→ **Problem requirements**:
Please restate word for word only the lines that start at the one containing "by (intro continuous_at_imp_continuous_on" and continue to the final line of the material.

::::

lemma leaf_integral_dup:
  assumes integrable: "leaf_integrand 3 integrable_on {1..}"
    and "1 \<le> c" and P: "0 < dup_radicand c"
  shows "leaf_integral 3 (dup c) = 2 * leaf_integral 3 c"
proof -
  have P_pos: "0 < dup_radicand x" if "1 \<le> x" "x \<le> c" for x
    using dup_radicand_strict_antimono[of x c] that P by (cases "x = c") auto
  have dup_cont: "continuous_on {1..c} dup"
    using P_pos has_real_derivative_dup
    by (intro continuous_at_imp_continuous_on ballI DERIV_isCont) force
  have "{1..c} \<noteq> {}"
    using \<open>1 \<le> c\<close> by simp
  then obtain m where "\<forall>x\<in>{1..c}. dup x \<le> dup m"
    using continuous_attains_sup[OF compact_Icc _ dup_cont] by blast
  then have "dup ` {1..c} \<subseteq> {1..dup m}"
    using P_pos dup_ge_one by auto
  then have "continuous_on {1..c} (\<lambda>x. leaf_integral 3 (dup x) - 2 * leaf_integral 3 x)"
    using integrable
    by (intro continuous_intros continuous_on_compose2[OF continuous_on_leaf_integral dup_cont]
        continuous_on_subset[OF continuous_on_leaf_integral[of 3 c]]) auto
  moreover have "((\<lambda>x. leaf_integral 3 (dup x) - 2 * leaf_integral 3 x) has_real_derivative 0) (at x)"
    if "1 < x" "x < c" for x
  proof -
    have "((\<lambda>x. leaf_integral 3 (dup x) - 2 * leaf_integral 3 x) has_real_derivative
        leaf_integrand 3 (dup x) * (dup_deriv_numer x / (dup_radicand x * sqrt (dup_radicand x)))
          - 2 * leaf_integrand 3 x) (at x)"
      using that P_pos[of x] dup_gt_one[of x] integrable
      by (intro DERIV_diff DERIV_cmult DERIV_chain2[where f = "leaf_integral 3"]
          leaf_integral_has_derivative has_real_derivative_dup) auto
    then show ?thesis
      using leaf_integrand_dup[of x] that P_pos[of x] by simp
  qed
  ultimately have "leaf_integral 3 (dup c) - 2 * leaf_integral 3 c
      = leaf_integral 3 (dup 1) - 2 * leaf_integral 3 1"
    using \<open>1 \<le> c\<close> by (cases "c = 1") (auto intro: DERIV_isconst2[of 1 c])
  then show ?thesis
    by (simp add: dup_one leaf_integral_def)
qed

::::

→ **Response area**:
    by (intro continuous_at_imp_continuous_on ballI DERIV_isCont) force
  have "{1..c} \<noteq> {}"
    using \<open>1 \<le> c\<close> by simp
  then obtain m where "\<forall>x\<in>{1..c}. dup x \<le> dup m"
    using continuous_attains_sup[OF compact_Icc _ dup_cont] by blast
  then have "dup ` {1..c} \<subseteq> {1..dup m}"
    using P_pos dup_ge_one by auto
  then have "continuous_on {1..c} (\<lambda>x. leaf_integral 3 (dup x) - 2 * leaf_integral 3 x)"
    using integrable
    by (intro continuous_intros continuous_on_compose2[OF continuous_on_leaf_integral dup_cont]
        continuous_on_subset[OF continuous_on_leaf_integral[of 3 c]]) auto
  moreover have "((\<lambda>x. leaf_integral 3 (dup x) - 2 * leaf_integral 3 x) has_real_derivative 0) (at x)"
    if "1 < x" "x < c" for x
  proof -
    have "((\<lambda>x. leaf_integral 3 (dup x) - 2 * leaf_integral 3 x) has_real_derivative
        leaf_integrand 3 (dup x) * (dup_deriv_numer x / (dup_radicand x * sqrt (dup_radicand x)))
          - 2 * leaf_integrand 3 x) (at x)"
      using that P_pos[of x] dup_gt_one[of x] integrable
      by (intro DERIV_diff DERIV_cmult DERIV_chain2[where f = "leaf_integral 3"]
          leaf_integral_has_derivative has_real_derivative_dup) auto
    then show ?thesis
      using leaf_integrand_dup[of x] that P_pos[of x] by simp
  qed
  ultimately have "leaf_integral 3 (dup c) - 2 * leaf_integral 3 c
      = leaf_integral 3 (dup 1) - 2 * leaf_integral 3 1"
    using \<open>1 \<le> c\<close> by (cases "c = 1") (auto intro: DERIV_isconst2[of 1 c])
  then show ?thesis
    by (simp add: dup_one leaf_integral_def)
qed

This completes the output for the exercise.